It was hard for me to not do an MBA or MS— for most of the other students from my graduation batch applied for these programs because many others were going: a classic vicious circle of peer influence. I knew that those qualifications didn’t align with my goals or interests so I resisted.

We often end up doing or wanting to do something because someone else is doing it.

This is where we go wrong.

You can draw inspiration from another person but you can’t be at their destination. To reach your desired summit, you have to follow your goals and do the things you care about else you would be like the lost crowd running after Forrest Gump that didn’t know what to do when Tom Hanks stopped.

Ask yourself: Do I even like the thing? Would I do it without the 29,561 Instagram likes?


Question 3: If we like something, do we have the talent to pursue, or can we build the skills? Are you ready to fail?

Professions we admire could be hard to be pursued— because we generally dream about us doing larger than life or flashy things as compared to something monotonous or methodical.

Painting or other forms of art, writing, fashion designing, data science, modeling, journalism, teaching, acting, choreography, illustration, web design, poker — anything might catch your eye but a profession that can sustain you financially needs a few years of study, research, and foundational work unless you are a prodigy.

Even Beethoven’s finances weren’t steady in his times. One could be like Pablo Neruda publishing his poetry at fifteen, but most people shine after a long period of deliberate practice, or some might even say after 10,000 hours.

The only way to become good at something is to keep jumping over the obstacles until there are no more.

Ask yourself if you are ready to do what it takes. Can I practice the piano for five hours daily? Am I ready to build the people skills to become a partner at an investment firm? Can I cultivate a small land for a few years to first learn farming without yearning to scale?

Am I ready to fail until I don’t fail anymore? Answer honestly. Else just one Domino of an obstacle could crash into your cardboard dream of success.

Related Read: My struggle as a new writer


Questions 4: Would people be willing to pay you for that work?

Jobs in your field of choice might be inadequately compensated or rare. If you don’t make enough money, you wouldn’t be able to maintain your preferred lifestyle or even pay for bills, eventually getting frustrated.

But also remember that many of the fields that we know today — music, interior designing, philosophy — became paid professions when people started practicing them. If you can provide value to others, you will get paid.

Given everything, you might be financially unstable for at least a few years.

Are people ready to pay you? Are you ready to compromise on your living standards? Would you freelance? Can you save enough until you get paid well to do the work you love to do?

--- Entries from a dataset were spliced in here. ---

lemma regions_standardized_binomial_pmf:
  fixes p :: real
  assumes p: "0 < p" "p < 1" and n: "n > 0"
  shows "\<exists>c s. \<bar>c\<bar> \<le> 1 / sqrt (2 * real n * p + 1) \<and> \<bar>s - 1\<bar> \<le> 4 / (2 * real n * p + 1)
    \<and> (\<forall>k. standardized (binomial_pmf n p) regions k
           = (standardized (binomial_pmf n p) real k
              + c * ((standardized (binomial_pmf n p) real k)\<^sup>2 - 1)) / s)"
proof -
  define m where "m = 2 * real n * p + 1"
  define \<sigma> where "\<sigma> = sqrt (real n * p * (1 - p))"
  have p01: "p \<in> {0..1}" using p by simp
  have m: "m \<ge> 1" using p by (simp add: m_def)
  have \<sigma>: "\<sigma> > 0" "\<sigma>\<^sup>2 = real n * p * (1 - p)" using p n by (auto simp: \<sigma>_def)
  obtain r where r: "\<bar>r\<bar> \<le> 4 / m" "1 + r > 0"
    and V: "measure_pmf.variance (binomial_pmf n p) regions = \<sigma>\<^sup>2 * m\<^sup>2 / 4 * (1 + r)"
    using variance_regions_binomial_pmf_approx[OF p n] unfolding m_def \<sigma>(2) by metis
  define s where "s = sqrt (1 + r)"
  have s: "s \<ge> 0" "s\<^sup>2 = 1 + r" using r(2) by (simp_all add: s_def)
  have sqrt_V: "sqrt (measure_pmf.variance (binomial_pmf n p) regions) = \<sigma> * m / 2 * s"
    using \<sigma>(1) m r(2) by (simp add: V s_def real_sqrt_mult real_sqrt_divide)
  show ?thesis
  proof (intro exI conjI allI, fold m_def)
    show "\<bar>\<sigma> / m\<bar> \<le> 1 / sqrt m"
      using sqrt_npq_div_le[OF p01, of n] \<sigma>(1) m unfolding \<sigma>_def m_def by simp
    show "\<bar>s - 1\<bar> \<le> 4 / m"
      using abs_diff_one_le_abs_square_diff_one[OF s(1)] r(1) s(2) by simp
    fix k
    define z where "z = standardized (binomial_pmf n p) real k"
    have z: "z = (real k - real n * p) / \<sigma>"
      using p01 by (simp add: z_def \<sigma>_def standardized_binomial_pmf_real)
    have "\<sigma> * m / 2 * (z + \<sigma> / m * (z\<^sup>2 - 1))
        = m / 2 * (real k - real n * p) + ((real k - real n * p)\<^sup>2 - \<sigma>\<^sup>2) / 2"
      using \<sigma>(1) m unfolding z by (simp add: field_simps power2_eq_square)
    also have "\<dots> = regions k - measure_pmf.expectation (binomial_pmf n p) regions"
      unfolding \<sigma>(2) regions_minus_expectation_binomial_pmf[OF p01] m_def ..
    finally have eq: "regions k - measure_pmf.expectation (binomial_pmf n p) regions
        = \<sigma> * m / 2 * (z + \<sigma> / m * (z\<^sup>2 - 1))" ..
    have "standardized (binomial_pmf n p) regions k
        = (\<sigma> * m / 2 * (z + \<sigma> / m * (z\<^sup>2 - 1))) / (\<sigma> * m / 2 * s)"
      unfolding standardized_def sqrt_V eq by (rule refl)
    also have "\<dots> = (z + \<sigma> / m * (z\<^sup>2 - 1)) / s"
      using \<sigma>(1) m by simp
    finally show "standardized (binomial_pmf n p) regions k = (z + \<sigma> / m * (z\<^sup>2 - 1)) / s" .
  qed
qed

lemma regions_standardized_asymptotics:
  fixes p :: "nat \<Rightarrow> real"
  assumes p: "\<And>n. 0 < p n \<and> p n < 1"
    and npq: "filterlim (\<lambda>n. real n * p n * (1 - p n)) at_top sequentially"
  obtains c s :: "nat \<Rightarrow> real" where "c \<longlonglongrightarrow> 0" and "s \<longlonglongrightarrow> 1"
    and "\<forall>\<^sub>F n in sequentially. \<forall>k. standardized (binomial_pmf n (p n)) regions k
           = (standardized (binomial_pmf n (p n)) real k
              + c n * ((standardized (binomial_pmf n (p n)) real k)\<^sup>2 - 1)) / s n"
proof -
  define m where "m n = 2 * real n * p n + 1" for n
  define T where "T n = standardized (binomial_pmf n (p n)) regions" for n
  define Z where "Z n = standardized (binomial_pmf n (p n)) real" for n
  have "\<exists>c s. \<bar>c\<bar> \<le> 1 / sqrt (m n) \<and> \<bar>s - 1\<bar> \<le> 4 / m n
          \<and> (\<forall>k. T n k = (Z n k + c * ((Z n k)\<^sup>2 - 1)) / s)" if "0 < n" for n
    using p[of n] that unfolding m_def T_def Z_def by (intro regions_standardized_binomial_pmf) auto
  then obtain c s where cs: "\<And>n. 0 < n \<Longrightarrow> \<bar>c n\<bar> \<le> 1 / sqrt (m n) \<and> \<bar>s n - 1\<bar> \<le> 4 / m n
          \<and> (\<forall>k. T n k = (Z n k + c n * ((Z n k)\<^sup>2 - 1)) / s n)"
    by metis
  have pos: "\<forall>\<^sub>F n in sequentially. 0 < n" by (rule eventually_gt_at_top)
  have m: "filterlim m at_top sequentially"
  proof (rule filterlim_at_top_mono[OF npq always_eventually, rule_format])
    fix n
    have "p n \<in> {0..1}" "0 \<le> real n * p n" using p[of n] by auto
    then show "real n * p n * (1 - p n) \<le> m n"
      using npq_le_np[of "p n" n] unfolding m_def by linarith
  qed
  have "c \<longlonglongrightarrow> 0"
  proof (rule Lim_null_comparison)
    show "\<forall>\<^sub>F n in sequentially. norm (c n) \<le> 1 / sqrt (m n)"
      using pos by eventually_elim (use cs in auto)
    show "(\<lambda>n. 1 / sqrt (m n)) \<longlonglongrightarrow> 0"
      by (intro tendsto_divide_0[OF tendsto_const] filterlim_at_top_imp_at_infinity
          filterlim_compose[OF sqrt_at_top m])
  qed
  moreover have "(\<lambda>n. s n - 1) \<longlonglongrightarrow> 0"
  proof (rule Lim_null_comparison)
    show "\<forall>\<^sub>F n in sequentially. norm (s n - 1) \<le> 4 / m n"
      using pos by eventually_elim (use cs in auto)
    show "(\<lambda>n. 4 / m n) \<longlonglongrightarrow> 0"
      by (intro tendsto_divide_0[OF tendsto_const] filterlim_at_top_imp_at_infinity m)
  qed
  moreover have "\<forall>\<^sub>F n in sequentially. \<forall>k. T n k = (Z n k + c n * ((Z n k)\<^sup>2 - 1)) / s n"
    using pos by eventually_elim (use cs in blast)
  ultimately show thesis unfolding T_def Z_def LIM_zero_iff by (rule that)
qed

These questions are just guidelines.

It is difficult to say what gets us going. Even if we like something now, we might not like it later as human beings’ interests change over time2.

Knowing what you love to do doesn’t solve all problems either. Pursuing self-fulfillment doesn’t guarantee immediate job satisfaction, money, or lifestyle; the only guaranteed return of doing what you love to do is that you have fun at the job. But you might not even enjoy your passion now as it has become your work and you have to exist on it.

Take your time to make the right choice using both your head and heart. If you stay honest with yourself, you would be able to get the right answer.


How to pursue your passion?

You have four ways from here.

  1. Continue your regular job and practice what you like in your spare time.

Though this method seems challenging, it is a good test for your passion as you would only do something consistently — even when you are tired after a long day — if you enjoy it. Otherwise, a bad week at work would relocate you from the garage workshop to your comfortable couch with a beer in hand and Family Guy on the television.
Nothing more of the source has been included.